22. The percutaneous access system of claim 21, wherein the radially expandable sheath further comprises a sheath proximal hub.
23. The percutaneous access system of claim 22, wherein the carrier dilator further comprises a carrier proximal hub configured to detachably couple to the sheath proximal hub.
24. The percutaneous access system of claim 23, wherein the sheath proximal hub and the carrier dilator hub are pre-split or splittable individually and when coupled.
25. The percutaneous access system of claim 23, wherein the tubular sheath body and the tubular carrier body are pre-split or splittable.
26. The percutaneous access system of claim 21, further comprising a needle guide configured to be removably placed in the sheath proximal hub and having a central passage which guides a distal end of the access needle into the sheath lumen.

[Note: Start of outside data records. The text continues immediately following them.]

(* Let $n\ge1$, $U_n$ the family of bounded subsets of $\mathbb R^n$, and let $\mu:U_n\to B_2$ be a measure that is derivable on the closed set $A\in U_n$ (so $A$ is compact). Then the set $\mathrm{supp}_A\, d\mu=\{x\in A: d\mu(x)=1\}$ is finite.
   Context: $B_2=\{0,1\}$. $\mu:U_n\to B_2$ is a measure if for every sequence $(A_p)$ of pairwise disjoint sets of $U_n$ with $\bigcup_pA_p\in U_n$, the set $\{p:\mu(A_p)=1\}$ is finite and $\mu(\bigcup_pA_p)$ equals the number of such $p$ modulo 2. For bounded $B$, $d(B)=\sup_{x,y\in B}\|x-y\|$ (Euclidean). $\mu$ is derivable at $x\in A$ (where $A\in U_n$) if there exist $\varepsilon>0$ and $a\in B_2$ such that for all $B\in U_n$ with $x\in B$ and $d(B)<\varepsilon$, $\mu(B)=a$; this $a$ (necessarily $a=\mu(\{x\})$) is the derivative $d\mu(x)$. $\mu$ is derivable on $A$ if it is derivable at every $x\in A$. *)

theory Defs
  imports "HOL-Analysis.Analysis"
begin

text \<open>U_n = bounded subsets of the Euclidean space 'a (of dimension n = DIM('a) \<ge> 1).
  B_2 = {0,1} is represented by the naturals 0 and 1.\<close>

definition B2_measure :: "('a::euclidean_space set \<Rightarrow> nat) \<Rightarrow> bool" where
  "B2_measure \<mu> \<longleftrightarrow>
     (\<forall>B. bounded B \<longrightarrow> \<mu> B \<in> {0, 1}) \<and>
     (\<forall>A :: nat \<Rightarrow> 'a set.
        (\<forall>p. bounded (A p)) \<and> disjoint_family A \<and> bounded (\<Union>p. A p) \<longrightarrow>
          finite {p. \<mu> (A p) = 1} \<and> \<mu> (\<Union>p. A p) = card {p. \<mu> (A p) = 1} mod 2)"

definition derivable_at :: "('a::euclidean_space set \<Rightarrow> nat) \<Rightarrow> 'a \<Rightarrow> bool" where
  "derivable_at \<mu> x \<longleftrightarrow>
     (\<exists>\<epsilon>>0. \<exists>a\<in>{0, 1}. \<forall>B. bounded B \<and> x \<in> B \<and> diameter B < \<epsilon> \<longrightarrow> \<mu> B = a)"

definition measure_deriv :: "('a::euclidean_space set \<Rightarrow> nat) \<Rightarrow> 'a \<Rightarrow> nat" where
  "measure_deriv \<mu> x =
     (THE a. a \<in> {0, 1} \<and> (\<exists>\<epsilon>>0. \<forall>B. bounded B \<and> x \<in> B \<and> diameter B < \<epsilon> \<longrightarrow> \<mu> B = a))"

definition derivable_on :: "('a::euclidean_space set \<Rightarrow> nat) \<Rightarrow> 'a set \<Rightarrow> bool" where
  "derivable_on \<mu> A \<longleftrightarrow> (\<forall>x\<in>A. derivable_at \<mu> x)"

end

theory Submission
  imports Defs
begin

text \<open>The derivative at a point x is the value of \<mu> on the singleton {x}, since {x} has
  diameter 0. If infinitely many points of the bounded set A had \<mu>{x} = 1, countably many of
  them would form a disjoint family of singletons with bounded union in which infinitely many
  members have measure 1, contradicting the additivity axiom.\<close>

lemma measure_deriv_eq_singleton:
  assumes "derivable_at \<mu> x"
  shows "measure_deriv \<mu> x = \<mu> {x}"
proof -
  obtain \<epsilon> a where "\<epsilon> > 0" "a \<in> {0, 1}"
    and a: "\<forall>B. bounded B \<and> x \<in> B \<and> diameter B < \<epsilon> \<longrightarrow> \<mu> B = a"
    using assms unfolding derivable_at_def by blast
  have "\<mu> {x} = a"
    using a \<open>\<epsilon> > 0\<close> by auto
  have "(THE a. a \<in> {0, 1} \<and> (\<exists>\<epsilon>>0. \<forall>B. bounded B \<and> x \<in> B \<and> diameter B < \<epsilon> \<longrightarrow> \<mu> B = a)) = a"
  proof (rule the_equality)
    show "a \<in> {0, 1} \<and> (\<exists>\<epsilon>>0. \<forall>B. bounded B \<and> x \<in> B \<and> diameter B < \<epsilon> \<longrightarrow> \<mu> B = a)"
      using \<open>\<epsilon> > 0\<close> \<open>a \<in> {0, 1}\<close> a by blast
  next
    fix b
    assume "b \<in> {0, 1} \<and> (\<exists>\<epsilon>>0. \<forall>B. bounded B \<and> x \<in> B \<and> diameter B < \<epsilon> \<longrightarrow> \<mu> B = b)"
    then obtain \<delta> where "\<delta> > 0"
      and "\<forall>B. bounded B \<and> x \<in> B \<and> diameter B < \<delta> \<longrightarrow> \<mu> B = b"
      by blast
    then have "\<mu> {x} = b"
      by auto
    then show "b = a"
      using \<open>\<mu> {x} = a\<close> by simp
  qed
  then show ?thesis
    unfolding measure_deriv_def using \<open>\<mu> {x} = a\<close> by simp
qed

lemma B2_measure_finite_atoms:
  fixes \<mu> :: "'a::euclidean_space set \<Rightarrow> nat"
  assumes "B2_measure \<mu>" and "bounded S"
  shows "finite {x \<in> S. \<mu> {x} = 1}"
proof (rule ccontr)
  assume "infinite {x \<in> S. \<mu> {x} = 1}"
  then obtain f :: "nat \<Rightarrow> 'a" where "inj f" and f_atoms: "range f \<subseteq> {x \<in> S. \<mu> {x} = 1}"
    using infinite_countable_subset by blast
  have "(\<Union>p. {f p}) \<subseteq> S"
    using f_atoms by auto
  then have "bounded (\<Union>p. {f p})"
    using \<open>bounded S\<close> bounded_subset by blast
  moreover have "disjoint_family (\<lambda>p. {f p})"
    using \<open>inj f\<close> unfolding disjoint_family_on_def inj_def by auto
  ultimately have "finite {p. \<mu> {f p} = 1}"
    using assms(1) unfolding B2_measure_def by auto
  moreover have "\<mu> {f p} = 1" for p
    using f_atoms by auto
  ultimately show False
    by simp
qed

theorem theorem5p13:
  fixes \<mu> :: "'a::euclidean_space set \<Rightarrow> nat" and A :: "'a set"
  assumes "B2_measure \<mu>" and "bounded A" and "closed A" and "derivable_on \<mu> A"
  shows "finite {x \<in> A. measure_deriv \<mu> x = 1}"
proof -
  have "measure_deriv \<mu> x = \<mu> {x}" if "x \<in> A" for x
    using \<open>derivable_on \<mu> A\<close> that measure_deriv_eq_singleton unfolding derivable_on_def by blast
  then have "{x \<in> A. measure_deriv \<mu> x = 1} = {x \<in> A. \<mu> {x} = 1}"
    by auto
  then show ?thesis
    using B2_measure_finite_atoms[OF \<open>B2_measure \<mu>\<close> \<open>bounded A\<close>] by simp
qed

end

27. The percutaneous access system of claim 21, further comprising the vascular catheter.
28. The percutaneous access system of claim 27, further comprising a guidewire configured to be received in a guidewire lumen of the vascular catheter and introduced with the catheter into the tubular body of the carrier dilator.
29. The percutaneous access system of claim 21, wherein the radially expandable sheath comprises tubing formed from one or more polymers selected from a group consisting of fluorinated ethylene propylene (FEP), polytetrafluoroethylene (PTFE), ethylene tetrafluoroethylene (ETFE), polyoxymethylene (POM), polybutylene terephthalate (PBT), polyether block ester, polyurethane, polypropylene (PP), polyethylene (PE), low density polyethylene (LDPE), high density polyethylene (HDPE), linear low density polyethylene (LLDPE), polyester, polyamide, elastomeric polyamides, silicones, poly-ethylene terephthalate (PET), polyetheretherketone (PEEK), polyimide (PI), polyetherimide (PEI), polyphenylene sulfide (PPS), polyphenylene oxide (PPO), polysulfone, nylon.
30. The percutaneous access system of claim 29, wherein the radially expandable sheath comprises tubing consists essentially of fluorinated ethylene propylene (FEP).
31. The percutaneous access system of claim 29, wherein the tubing has a wall thickness in a range from 0.01 mm to 0.2.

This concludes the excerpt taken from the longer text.